While Tenet and the deputy defense secretary, John Hamre, recapped a now-familiar litany of bureaucratic errors the administration says caused the accident -- including outdated maps, faulty computer databases and a lack of safeguards -- it was the director's remarks on the agency's selection of targets that offered new insights into an accident that has dealt a stinging setback to relations with China.

From battle tanks to electrical power plants, deciding what to hit in the air war was left largely to military experts in Washington and Europe. But as the air campaign failed to achieve quick success and dragged on longer than expected, the Pentagon feared it would run out of top-notch targets and sought suggestions from the CIA. "We were very much looking for additional targets," Hamre said.

At the CIA, analysts had long suspected the headquarters of a Yugoslav arms agency was financing the Yugoslav military by selling advanced technology to rogue nations, and jumped at the chance to destroy a stubborn nemesis.

"This episode is unusual because the CIA does not normally assemble, on its own, target nomination packages containing the coordinates of specific installations or buildings," Tenet said.

The inexperience was clear from the start.
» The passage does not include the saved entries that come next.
text \<open>\<open>stein_exp l h\<close> solves the Stein equation \<open>g' / l - g = h - E h(T)\<close>, \<open>g 0 = 0\<close>,
  for \<open>T\<close> exponential with rate \<open>l\<close>; \<open>stein_exp' l h\<close> is its derivative on \<open>x > 0\<close>.\<close>
definition stein_exp :: "real \<Rightarrow> (real \<Rightarrow> real) \<Rightarrow> real \<Rightarrow> real" where
  "stein_exp l h x = exp_smooth l h 0 - exp_smooth l h x"

definition stein_exp' :: "real \<Rightarrow> (real \<Rightarrow> real) \<Rightarrow> real \<Rightarrow> real" where
  "stein_exp' l h x = l * (h x - exp_smooth l h x)"

definition stein_exp_primitive :: "real \<Rightarrow> (real \<Rightarrow> real) \<Rightarrow> real \<Rightarrow> real" where
  "stein_exp_primitive l h x = integral {0..x} (stein_exp l h)"

context
  fixes l :: real and h :: "real \<Rightarrow> real"
  assumes l: "0 < l" and h: "lipschitz_on 1 UNIV h"
begin

interpretation exp: prob_space "exp_measure l"
  by (rule prob_space_exp_measure[OF l])

lemma integrable_exp_measure_shift: "integrable (exp_measure l) (\<lambda>t. h (x + t))"
proof (rule Bochner_Integration.integrable_bound)
  show "integrable (exp_measure l) (\<lambda>t. \<bar>h 0\<bar> + \<bar>x\<bar> + \<bar>t\<bar>)"
    using integrable_exp_measure_id[OF l] by simp
  show "(\<lambda>t. h (x + t)) \<in> borel_measurable (exp_measure l)"
    using lipschitz_on_borel_measurable[OF h] by measurable
  have "\<bar>h (x + t)\<bar> \<le> \<bar>h 0\<bar> + \<bar>x\<bar> + \<bar>t\<bar>" for t
    using lipschitz_on_1_abs_diff_le[OF h, of "x + t" 0] by simp
  then show "AE t in exp_measure l. norm (h (x + t)) \<le> norm (\<bar>h 0\<bar> + \<bar>x\<bar> + \<bar>t\<bar>)"
    by (intro AE_I2) simp
qed

lemma exp_smooth_abs_diff_le: "\<bar>exp_smooth l h x - exp_smooth l h y\<bar> \<le> \<bar>x - y\<bar>"
proof -
  have "\<bar>exp_smooth l h x - exp_smooth l h y\<bar> = \<bar>\<integral>t. h (x + t) - h (y + t) \<partial>exp_measure l\<bar>"
    unfolding exp_smooth_def using integrable_exp_measure_shift by simp
  also have "\<dots> \<le> (\<integral>t. \<bar>x - y\<bar> \<partial>exp_measure l)"
    using integrable_exp_measure_shift lipschitz_on_1_abs_diff_le[OF h, of "x + t" "y + t" for t]
    by (intro integral_abs_bound_integral) auto
  finally show ?thesis by (simp add: exp.prob_space)
qed

lemma abs_diff_exp_smooth_le: "\<bar>h x - exp_smooth l h x\<bar> \<le> 1 / l"
proof -
  have "\<bar>h x - exp_smooth l h x\<bar> = \<bar>\<integral>t. h x - h (x + t) \<partial>exp_measure l\<bar>"
    unfolding exp_smooth_def using integrable_exp_measure_shift by (simp add: exp.prob_space)
  also have "\<dots> \<le> (\<integral>t. \<bar>t\<bar> \<partial>exp_measure l)"
    using integrable_exp_measure_shift integrable_exp_measure_id[OF l]
      lipschitz_on_1_abs_diff_le[OF h, of x "x + t" for t]
    by (intro integral_abs_bound_integral) auto
  finally show ?thesis using integral_exp_measure_abs[OF l] by simp
qed

lemma integrable_exp_kernel: "integrable lborel (\<lambda>y. indicator {0..} y * exp_kernel l h y)"
proof -
  note [measurable] = lipschitz_on_borel_measurable[OF h]
  have "integrable (exp_measure l) h"
    using integrable_exp_measure_shift[of 0] by simp
  then have "integrable lborel (\<lambda>y. exponential_density l y *\<^sub>R h y)"
    unfolding exp_measure_def
    by (subst (asm) integrable_density) (use l in \<open>auto simp: exponential_density_def\<close>)
  also have "(\<lambda>y. exponential_density l y *\<^sub>R h y) = (\<lambda>y. indicator {0..} y * exp_kernel l h y)"
    by (auto simp: exponential_density_def exp_kernel_def indicator_def fun_eq_iff)
  finally show ?thesis .
qed

text \<open>Memorylessness: \<open>x + T\<close> has the law of \<open>T\<close> conditioned on \<open>T \<ge> x\<close>.\<close>
lemma exp_smooth_eq:
  assumes x: "0 \<le> x"
  shows "exp_smooth l h x =
    exp (l * x) * (exp_smooth l h 0 - integral {0..x} (exp_kernel l h))"
proof -
  note [measurable] = lipschitz_on_borel_measurable[OF h]
  let ?e = "exponential_density l"
  let ?k = "\<lambda>A y. indicator A y * exp_kernel l h y"
  have [measurable]: "exp_kernel l h \<in> borel_measurable borel"
    unfolding exp_kernel_def by measurable
  have "exp_smooth l h x = (\<integral>t. ?e t * h (x + t) \<partial>lborel)"
    unfolding exp_smooth_def exp_measure_def
    by (subst integral_density) (use l in \<open>auto simp: exponential_density_def\<close>)
  also have "\<dots> = (\<integral>y. ?e (y - x) * h y \<partial>lborel)"
    by (subst lborel_integral_real_affine[where c=1 and t=x]) (auto simp: algebra_simps)
  also have "\<dots> = (\<integral>y. exp (l * x) * ?k {x..} y \<partial>lborel)"
    by (intro Bochner_Integration.integral_cong refl)
       (auto simp: exponential_density_def exp_kernel_def indicator_def mult_exp_exp algebra_simps)
  finally have smooth_x: "exp_smooth l h x = exp (l * x) * (\<integral>y. ?k {x..} y \<partial>lborel)"
    by simp
  have "exp_smooth l h 0 = (\<integral>t. ?e t * h t \<partial>lborel)"
    unfolding exp_smooth_def exp_measure_def
    by (subst integral_density) (use l in \<open>auto simp: exponential_density_def\<close>)
  also have "\<dots> = (\<integral>y. ?k {0..x} y + ?k {x..} y \<partial>lborel)"
    by (rule integral_cong_AE)
       (use x in \<open>auto simp: exponential_density_def exp_kernel_def indicator_def
                   intro!: eventually_mono[OF AE_lborel_singleton[of x]]\<close>)
  also have "\<dots> = (\<integral>y. ?k {0..x} y \<partial>lborel) + (\<integral>y. ?k {x..} y \<partial>lborel)"
    using x by (intro Bochner_Integration.integral_add
        Bochner_Integration.integrable_bound[OF integrable_exp_kernel]) (auto simp: indicator_def)
  also have "(\<integral>y. ?k {0..x} y \<partial>lborel) = integral {0..x} (exp_kernel l h)"
    using set_borel_integral_eq_integral(2)[of "{0..x}" "exp_kernel l h"]
      Bochner_Integration.integrable_bound[OF integrable_exp_kernel, of "?k {0..x}"]
    by (auto simp: set_integrable_def set_lebesgue_integral_def indicator_def)
  finally show ?thesis using smooth_x by simp
qed

lemma exp_smooth_has_real_derivative:
  assumes x: "0 < x"
  shows "(exp_smooth l h has_real_derivative l * exp_smooth l h x - l * h x) (at x)"
proof -
  let ?I = "\<lambda>y. integral {0..y} (exp_kernel l h)"
  have "continuous_on {0..x + 1} (exp_kernel l h)"
    using lipschitz_on_continuous_on[OF h] unfolding exp_kernel_def
    by (auto intro!: continuous_intros intro: continuous_on_subset)
  then have "(?I has_real_derivative exp_kernel l h x) (at x within {0..x + 1})"
    using x by (intro integral_has_real_derivative) auto
  moreover have "at x within {0..x + 1} = at x"
    using x by (intro at_within_interior) simp
  ultimately have "((\<lambda>y. exp (l * y) * (exp_smooth l h 0 - ?I y)) has_real_derivative
      l * exp (l * x) * (exp_smooth l h 0 - ?I x) - exp_kernel l h x * exp (l * x)) (at x)"
    by (auto intro!: derivative_eq_intros)
  also have "l * exp (l * x) * (exp_smooth l h 0 - ?I x) - exp_kernel l h x * exp (l * x)
      = l * exp_smooth l h x - l * h x"
  proof -
    have "exp_kernel l h x * exp (l * x) = l * h x"
      by (simp add: exp_kernel_def mult_exp_exp)
    moreover have "exp (l * x) * (exp_smooth l h 0 - ?I x) = exp_smooth l h x"
      using exp_smooth_eq[of x] x by simp
    ultimately show ?thesis by (metis mult.assoc right_diff_distrib)
  qed
  finally show ?thesis
  proof (rule has_field_derivative_transform_within_open[of _ _ _ "{0<..}"])
    show "exp (l * y) * (exp_smooth l h 0 - ?I y) = exp_smooth l h y" if "y \<in> {0<..}" for y
      using exp_smooth_eq[of y] that by simp
  qed (use x in auto)
qed

lemma stein_exp_0 [simp]: "stein_exp l h 0 = 0"
  by (simp add: stein_exp_def)

lemma stein_exp_abs_diff_le: "\<bar>stein_exp l h x - stein_exp l h y\<bar> \<le> \<bar>x - y\<bar>"
  using exp_smooth_abs_diff_le[of y x] by (simp add: stein_exp_def abs_minus_commute)

lemma stein_exp_abs_le: "0 \<le> x \<Longrightarrow> \<bar>stein_exp l h x\<bar> \<le> x"
  using stein_exp_abs_diff_le[of x 0] by simp

lemma continuous_on_stein_exp: "continuous_on S (stein_exp l h)"
proof -
  have "lipschitz_on 1 UNIV (stein_exp l h)"
    by (rule lipschitz_onI) (use stein_exp_abs_diff_le in \<open>auto simp: dist_real_def\<close>)
  then show ?thesis using lipschitz_on_continuous_on continuous_on_subset by blast
qed

lemma stein_exp_has_real_derivative:
  "0 < x \<Longrightarrow> (stein_exp l h has_real_derivative stein_exp' l h x) (at x)"
  unfolding stein_exp_def[abs_def] stein_exp'_def
  by (auto intro!: derivative_eq_intros exp_smooth_has_real_derivative simp: algebra_simps)

lemma stein_exp'_abs_le: "\<bar>stein_exp' l h x\<bar> \<le> 1"
proof -
  have "\<bar>stein_exp' l h x\<bar> = l * \<bar>h x - exp_smooth l h x\<bar>"
    using l by (simp add: stein_exp'_def abs_mult)
  also have "\<dots> \<le> l * (1 / l)"
    using abs_diff_exp_smooth_le[of x] l by (intro mult_left_mono) auto
  finally show ?thesis using l by simp
qed

lemma stein_exp'_abs_diff_le: "\<bar>stein_exp' l h x - stein_exp' l h y\<bar> \<le> 2 * l * \<bar>x - y\<bar>"
proof -
  have "stein_exp' l h x - stein_exp' l h y
      = l * ((h x - h y) - (exp_smooth l h x - exp_smooth l h y))"
    by (simp add: stein_exp'_def algebra_simps)
  then have "\<bar>stein_exp' l h x - stein_exp' l h y\<bar>
      = l * \<bar>(h x - h y) - (exp_smooth l h x - exp_smooth l h y)\<bar>"
    using l by (simp add: abs_mult)
  also have "\<dots> \<le> l * (\<bar>x - y\<bar> + \<bar>x - y\<bar>)"
    using lipschitz_on_1_abs_diff_le[OF h, of x y] exp_smooth_abs_diff_le[of x y] l
    by (intro mult_left_mono) (auto simp: abs_diff_le_iff)
  finally show ?thesis by simp
qed

lemma stein_exp_equation: "stein_exp' l h x / l - stein_exp l h x = h x - exp_smooth l h 0"
  using l by (simp add: stein_exp'_def stein_exp_def)

lemma stein_exp_primitive_has_real_derivative:
  assumes x: "0 < x"
  shows "(stein_exp_primitive l h has_real_derivative stein_exp l h x) (at x)"
proof -
  have "(stein_exp_primitive l h has_real_derivative stein_exp l h x) (at x within {0..x + 1})"
    unfolding stein_exp_primitive_def[abs_def]
    using x continuous_on_stein_exp by (intro integral_has_real_derivative) auto
  moreover have "at x within {0..x + 1} = at x"
    using x by (intro at_within_interior) simp
  ultimately show ?thesis by simp
qed

lemma continuous_on_stein_exp_primitive: "continuous_on {0..b} (stein_exp_primitive l h)"
  unfolding stein_exp_primitive_def[abs_def]
  by (intro indefinite_integral_continuous_1 integrable_continuous_real continuous_on_stein_exp)

lemma stein_exp_primitive_abs_le:
  assumes x: "0 \<le> x"
  shows "\<bar>stein_exp_primitive l h x\<bar> \<le> x\<^sup>2"
proof -
  have "\<bar>stein_exp_primitive l h x - stein_exp_primitive l h 0\<bar> \<le> x * \<bar>x - 0\<bar>"
    by (rule abs_diff_le_of_deriv_bound_between[OF continuous_on_stein_exp_primitive
          stein_exp_primitive_has_real_derivative])
       (use x in \<open>auto simp: min_def max_def intro: order_trans[OF stein_exp_abs_le]\<close>)
  with x show ?thesis by (simp add: stein_exp_primitive_def power2_eq_square)
qed

lemma stein_exp_taylor_1:
  assumes x: "0 \<le> x" and t: "0 \<le> t"
  shows "\<bar>stein_exp l h t - stein_exp l h x - stein_exp' l h x * (t - x)\<bar> \<le> 2 * l * (t - x)\<^sup>2"
proof -
  let ?r = "\<lambda>u. stein_exp l h u - stein_exp l h x - stein_exp' l h x * (u - x)"
  have "\<bar>?r t - ?r x\<bar> \<le> (2 * l * \<bar>t - x\<bar>) * \<bar>t - x\<bar>"
  proof (rule abs_diff_le_of_deriv_bound_between[OF _ _ x t])
    show "continuous_on {0..b} ?r" for b
      using continuous_on_stein_exp by (auto intro!: continuous_intros)
    show "(?r has_real_derivative stein_exp' l h u - stein_exp' l h x) (at u)" if "0 < u" for u
      using that by (auto intro!: derivative_eq_intros stein_exp_has_real_derivative)
    fix u assume "min x t < u" "u < max x t"
    then have "\<bar>u - x\<bar> \<le> \<bar>t - x\<bar>" by (auto simp: min_def max_def split: if_splits)
    then show "\<bar>stein_exp' l h u - stein_exp' l h x\<bar> \<le> 2 * l * \<bar>t - x\<bar>"
      using stein_exp'_abs_diff_le[of u x] l by (smt (verit) mult_left_mono)
  qed
  then show ?thesis by (simp add: power2_eq_square abs_mult_self_eq mult.assoc)
qed

lemma stein_exp_primitive_taylor_2:
  assumes x: "0 \<le> x" and y: "0 \<le> y"
  shows "\<bar>stein_exp_primitive l h y - stein_exp_primitive l h x - stein_exp l h x * (y - x)
           - stein_exp' l h x * (y - x)\<^sup>2 / 2\<bar> \<le> 2 * l * \<bar>y - x\<bar> ^ 3"
proof -
  let ?r = "\<lambda>u. stein_exp_primitive l h u - stein_exp_primitive l h x - stein_exp l h x * (u - x)
                 - stein_exp' l h x * (u - x)\<^sup>2 / 2"
  have "\<bar>?r y - ?r x\<bar> \<le> (2 * l * (y - x)\<^sup>2) * \<bar>y - x\<bar>"
  proof (rule abs_diff_le_of_deriv_bound_between[OF _ _ x y])
    show "continuous_on {0..b} ?r" for b
      using continuous_on_stein_exp_primitive by (auto intro!: continuous_intros)
    show "(?r has_real_derivative stein_exp l h u - stein_exp l h x - stein_exp' l h x * (u - x))
        (at u)" if "0 < u" for u
      using that by (auto intro!: derivative_eq_intros stein_exp_primitive_has_real_derivative
          simp: field_simps)
    fix u assume u: "min x y < u" "u < max x y"
    then have "(u - x)\<^sup>2 \<le> (y - x)\<^sup>2"
      by (cases "x \<le> y") (auto simp: min_def max_def abs_le_square_iff[symmetric])
    moreover have "\<bar>stein_exp l h u - stein_exp l h x - stein_exp' l h x * (u - x)\<bar>
        \<le> 2 * l * (u - x)\<^sup>2"
      using stein_exp_taylor_1[OF x, of u] u x y by (cases "x \<le> y") (auto simp: min_def max_def)
    ultimately show "\<bar>stein_exp l h u - stein_exp l h x - stein_exp' l h x * (u - x)\<bar>
        \<le> 2 * l * (y - x)\<^sup>2"
      using l by (smt (verit) mult_left_mono)
  qed
  then show ?thesis by (simp add: power2_eq_square power3_eq_cube abs_mult mult.assoc)
qed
The CIA team used a flawed technique for locating the arms agency headquarters, Tenet said. It had the correct street address for the arms agency, Bulevar Umetnosti 2. But to pinpoint that location, the analysts used a technique of comparing the number sequence on parallel streets. Tenet said this practice offered only "an approximate location" and was "inappropriate" for selecting aerial targets.
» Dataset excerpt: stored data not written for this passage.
lemma goldie_Spec_contraction_subset:
  assumes GS: "goldie_hyp S" and E: "E \<subseteq> carrier S" and U: "U \<subseteq> Vz S E"
    and Q': "Q' \<in> Spec (S\<lparr>carrier := R\<rparr>)" and UQ': "Iz S U \<inter> R \<subseteq> Q'"
  obtains P where "P \<in> Spec S" "E \<subseteq> P" "P \<inter> R \<subseteq> Q'"
proof -
  have "semiprime_ideal S (prad S E)"
    unfolding prad_def by (rule semiprime_ideal_Iz) (auto simp: Vz_def)
  then obtain F where F: "finite F" "F \<subseteq> Vz S (prad S E)" "carrier S \<inter> \<Inter>F \<subseteq> prad S E"
    using goldie_semiprime_finite_Inter[OF GS] by blast
  have "prad S E \<subseteq> Iz S U"
    using U unfolding prad_def by (rule Iz_antimono)
  have "R \<inter> \<Inter>((\<lambda>P. P \<inter> R) ` F) \<subseteq> Q'"
  proof
    fix x assume x: "x \<in> R \<inter> \<Inter>((\<lambda>P. P \<inter> R) ` F)"
    then have "x \<in> carrier S \<inter> \<Inter>F" using subring_carrier by blast
    then have "x \<in> Iz S U" using F(3) \<open>prad S E \<subseteq> Iz S U\<close> by blast
    then show "x \<in> Q'" using x UQ' by blast
  qed
  moreover have "ideal I (S\<lparr>carrier := R\<rparr>)" if "I \<in> (\<lambda>P. P \<inter> R) ` F" for I
    using that F(2) ideal_Int_subring[OF Spec_ideal] unfolding Vz_def by blast
  ultimately obtain P where P: "P \<in> F" and PQ': "P \<inter> R \<subseteq> Q'"
    using sub.Spec_finite_Inter[OF Q', of "(\<lambda>P. P \<inter> R) ` F"] F(1) by auto
  have "P \<in> Spec S" and "prad S E \<subseteq> P" using P F(2) unfolding Vz_def by auto
  moreover have "E \<subseteq> prad S E" using subset_prad[OF E] .
  ultimately show thesis using that PQ' by blast
qed

lemma goldie_extS_Iz_subset_Spec:
  assumes GR: "goldie_hyp (S\<lparr>carrier := R\<rparr>)" and V: "zariski_closed (S\<lparr>carrier := R\<rparr>) V"
    and P: "P \<in> Spec S" and IP: "extS S (Iz (S\<lparr>carrier := R\<rparr>) V) \<subseteq> P"
  obtains Q where "Q \<in> Spec (S\<lparr>carrier := R\<rparr>)" "Iz (S\<lparr>carrier := R\<rparr>) V \<subseteq> Q" "extS S Q \<subseteq> P"
proof -
  let ?I = "Iz (S\<lparr>carrier := R\<rparr>) V"
  have "semiprime_ideal (S\<lparr>carrier := R\<rparr>) ?I"
    using sub.semiprime_ideal_Iz sub.zariski_closed_subset_Spec[OF V] by blast
  then obtain F where F: "finite F" "F \<subseteq> Vz (S\<lparr>carrier := R\<rparr>) ?I" "R \<inter> \<Inter>F \<subseteq> ?I"
    using sub.goldie_semiprime_finite_Inter[OF GR] by auto
  have "extS S (R \<inter> \<Inter>F) \<subseteq> P" using F(3) IP by (rule extS_mono[THEN subset_trans])
  then obtain Q where "Q \<in> F" "extS S Q \<subseteq> P"
    using extS_finite_Inter_Spec[OF P F(1)] F(2) sub.Spec_ideal unfolding Vz_def by blast
  then show thesis using that F(2) unfolding Vz_def by blast
qed

lemma subset_rho_imp_lam_subset:
  assumes GR: "goldie_hyp (S\<lparr>carrier := R\<rparr>)" and GS: "goldie_hyp S"
    and cond: "\<forall>P \<in> Spec S. \<forall>Q \<in> Spec (S\<lparr>carrier := R\<rparr>).
      extS S Q \<subseteq> P \<longrightarrow> Q \<subseteq> prad (S\<lparr>carrier := R\<rparr>) (P \<inter> R)"
    and V: "zariski_closed (S\<lparr>carrier := R\<rparr>) V" and rho: "U \<subseteq> rho S R V"
  shows "lam S R U \<subseteq> V"
proof
  fix Q' assume "Q' \<in> lam S R U"
  then have Q': "Q' \<in> Spec (S\<lparr>carrier := R\<rparr>)" and UQ': "Iz S U \<inter> R \<subseteq> Q'"
    unfolding lam_def Vz_def by auto
  let ?I = "Iz (S\<lparr>carrier := R\<rparr>) V"
  have "extS S ?I \<subseteq> carrier S" by (auto simp: extS_def)
  then obtain P where P: "P \<in> Spec S" "extS S ?I \<subseteq> P" "P \<inter> R \<subseteq> Q'"
    using goldie_Spec_contraction_subset[OF GS _ _ Q' UQ'] rho unfolding rho_def by blast
  then obtain Q where Q: "Q \<in> Spec (S\<lparr>carrier := R\<rparr>)" "?I \<subseteq> Q" "extS S Q \<subseteq> P"
    using goldie_extS_Iz_subset_Spec[OF GR V] by blast
  have "?I \<subseteq> prad (S\<lparr>carrier := R\<rparr>) (P \<inter> R)" using cond P(1) Q by blast
  also have "\<dots> \<subseteq> Q'" using sub.prad_subset_Spec[OF Q' P(3)] .
  finally show "Q' \<in> V" using Q' sub.zariski_closed_Vz_Iz[OF V] unfolding Vz_def by blast
qed

end

theorem lemma3p13:
  fixes S :: "('a, 'b) ring_scheme" and R :: "'a set"
  assumes "ring S" and "subring R S"
    and "goldie_hyp (S\<lparr>carrier := R\<rparr>)" and "goldie_hyp S"
  shows "(\<forall>U V. zariski_closed S U \<longrightarrow> zariski_closed (S\<lparr>carrier := R\<rparr>) V \<longrightarrow>
            (lam S R U \<subseteq> V \<longleftrightarrow> U \<subseteq> rho S R V))
     \<longleftrightarrow> (\<forall>P \<in> Spec S. \<forall>Q \<in> Spec (S\<lparr>carrier := R\<rparr>).
            extS S Q \<subseteq> P \<longrightarrow> Q \<subseteq> prad (S\<lparr>carrier := R\<rparr>) (P \<inter> R))"
proof -
  interpret ring_subring S R
    using assms(1,2) by (simp add: ring_subring_def ring_subring_axioms_def)
  show ?thesis
  proof (intro iffI ballI impI allI)
    assume adj: "\<forall>U V. zariski_closed S U \<longrightarrow> zariski_closed (S\<lparr>carrier := R\<rparr>) V \<longrightarrow>
      (lam S R U \<subseteq> V \<longleftrightarrow> U \<subseteq> rho S R V)"
    fix P Q assume P: "P \<in> Spec S" and Q: "Q \<in> Spec (S\<lparr>carrier := R\<rparr>)" and "extS S Q \<subseteq> P"
    then have "lam S R (Vz S P) \<subseteq> Vz (S\<lparr>carrier := R\<rparr>) Q"
      using zariski_closed_Vz_Spec[OF P] sub.zariski_closed_Vz_Spec[OF Q] Vz_subset_rho_Vz
      by (simp add: adj)
    then show "Q \<subseteq> prad (S\<lparr>carrier := R\<rparr>) (P \<inter> R)" by (rule subset_prad_of_lam_Vz_subset[OF P Q])
  next
    fix U V assume U: "zariski_closed S U" and V: "zariski_closed (S\<lparr>carrier := R\<rparr>) V"
    show "lam S R U \<subseteq> V \<Longrightarrow> U \<subseteq> rho S R V"
      using lam_subset_imp_subset_rho[OF assms(3) zariski_closed_subset_Spec[OF U]] .
    assume "\<forall>P \<in> Spec S. \<forall>Q \<in> Spec (S\<lparr>carrier := R\<rparr>).
      extS S Q \<subseteq> P \<longrightarrow> Q \<subseteq> prad (S\<lparr>carrier := R\<rparr>) (P \<inter> R)"
    then show "U \<subseteq> rho S R V \<Longrightarrow> lam S R U \<subseteq> V"
      using subset_rho_imp_lam_subset[OF assms(3,4) _ V] by blast
  qed
qed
The analysts compounded that mistake by using three maps to locate the arms agency: two Yugoslav commercial maps from 1989 and 1996, and a U.S. government map produced in 1997. None showed the location of the Chinese embassy, which was built in 1996.
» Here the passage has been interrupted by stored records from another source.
(* For the symmetric complex Brownian motion GSP $b$ on $\mathbb R$ described in the context, the Weyl symbol of its covariance operator is $$\sigma_b(x,\xi)=2x^2\Big(\frac{\sin(x\xi)}{x\xi}\Big)^2h(x),\qquad (x,\xi)\in\mathbb R^2,$$ where $\frac{\sin 0}{0}:=1$ and $h$ is the Heaviside function.
   Context: Let $b_1,b_2:[0,\infty)\to L^2_0(\Omega)$ be independent real-valued Gaussian processes with $\mathbf E(b_j(x)b_j(y))=\tfrac12\min(x,y)$, set $b=b_1+ib_2$ and $b(x)=0$ for $x<0$; $(b,\varphi)=\int_{\mathbb R}b(x)\overline{\varphi(x)}dx$ defines a tempered GSP on $\mathbb R$ with covariance distribution $k_b(x,y)=\mathbf E(b(x)\overline{b(y)})=\min(x,y)$ for $x,y\ge0$ and $0$ otherwise. The covariance operator is $(\mathscr K_b\psi,\varphi)=(k_b,\varphi\otimes\overline\psi)$ (pairings conjugate linear in the second slot). The Weyl symbol of a continuous linear $\mathscr K:\mathscr S(\mathbb R)\to\mathscr S'(\mathbb R)$ is the unique $\sigma\in\mathscr S'(\mathbb R^2)$ with $(\mathscr Kf,g)=(2\pi)^{-1/2}(\sigma,W(g,f))$, where $W(g,f)(x,\xi)=(2\pi)^{-1/2}\int g(x+y/2)\overline{f(x-y/2)}e^{-iy\xi}dy$; equivalently $\sigma=(2\pi)^{1/2}\mathscr F_2(k\circ\kappa)$ with $\kappa(x,y)=(x+y/2,x-y/2)$ and $\mathscr F_2$ the Fourier transform $(2\pi)^{-1/2}\int\cdot\,e^{-iy\xi}dy$ in the second variable. *)

theory Defs
  imports "HOL-Analysis.Analysis"
begin

definition nderiv :: "nat \<Rightarrow> (real \<Rightarrow> complex) \<Rightarrow> real \<Rightarrow> complex" where
  "nderiv n f = ((\<lambda>g x. vector_derivative g (at x)) ^^ n) f"

definition schwartz :: "(real \<Rightarrow> complex) \<Rightarrow> bool" where
  "schwartz f \<longleftrightarrow>
     (\<forall>n x. nderiv n f differentiable (at x)) \<and>
     (\<forall>n m. bounded (range (\<lambda>x. complex_of_real (x ^ m) * nderiv n f x)))"

text \<open>Covariance distribution of the complex Brownian motion b (a locally integrable function).\<close>
definition kb :: "real \<Rightarrow> real \<Rightarrow> complex" where
  "kb x y = (if 0 \<le> x \<and> 0 \<le> y then complex_of_real (min x y) else 0)"

definition wigner :: "(real \<Rightarrow> complex) \<Rightarrow> (real \<Rightarrow> complex) \<Rightarrow> real \<Rightarrow> real \<Rightarrow> complex" where
  "wigner g f x \<xi> = complex_of_real (1 / sqrt (2 * pi)) *
     (LINT y|lborel. g (x + y / 2) * cnj (f (x - y / 2)) * cis (- (y * \<xi>)))"

text \<open>Covariance operator pairing (K_b f, g) = (k_b, g \<otimes> conj f).\<close>
definition cov_pairing :: "(real \<Rightarrow> real \<Rightarrow> complex) \<Rightarrow> (real \<Rightarrow> complex) \<Rightarrow> (real \<Rightarrow> complex) \<Rightarrow> complex" where
  "cov_pairing k f g = (LINT p|lborel. k (fst p) (snd p) * cnj (g (fst p)) * f (snd p))"

definition sinc :: "real \<Rightarrow> real" where
  "sinc t = (if t = 0 then 1 else sin t / t)"

definition heaviside :: "real \<Rightarrow> real" where
  "heaviside x = (if 0 \<le> x then 1 else 0)"

text \<open>A locally integrable function sigma is the Weyl symbol of the operator with kernel k
  iff (K f, g) = (2 pi)^(-1/2) (sigma, W(g,f)) for all Schwartz f, g
  (pairing conjugate linear in the second slot).\<close>
definition is_weyl_symbol :: "(real \<Rightarrow> real \<Rightarrow> complex) \<Rightarrow> (real \<Rightarrow> real \<Rightarrow> complex) \<Rightarrow> bool" where
  "is_weyl_symbol \<sigma> k \<longleftrightarrow>
     (\<forall>f g. schwartz f \<longrightarrow> schwartz g \<longrightarrow>
        cov_pairing k f g =
        complex_of_real (1 / sqrt (2 * pi)) *
          (LINT p|lborel. \<sigma> (fst p) (snd p) * cnj (wigner g f (fst p) (snd p))))"

end

theory Submission
  imports Defs "HOL-Probability.Sinc_Integral"
begin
Only after the disaster did the CIA turn up in its files two maps that accurately placed the embassy: one was a map handed out by a Belgrade bank that showed a branch office near the embassy; the other listed the embassy and its grid coordinates in its index but did not mark the building on the map itself, an American official said.

Since this was the agency's first time developing a "target package," there was no procedure in place for senior officials to review the work, Tenet said. "This initial misidentification took on the mantle of fact," he said. "There was no cautionary language associated with it."

Military planners never caught the mistake, partly because they assumed the location had already been verified, Hamre said. A final backup also failed when several computerized databases of sites that were off limits to bombing, including embassies, hospital and churches, did not have the current location of the Chinese embassy.

"Database maintenance is one of the basic elements of our intelligence effort, but it is also one that has suffered in recent years as our workforce has been spread thin," Tenet said.

The administration has taken several steps to avoid a recurrence, including a system to update the databases. When bombing cities, Tenet said, a new policy requires that government officials familiar with the location be consulted, and "sign off on what a satellite picture says a site is or isn't."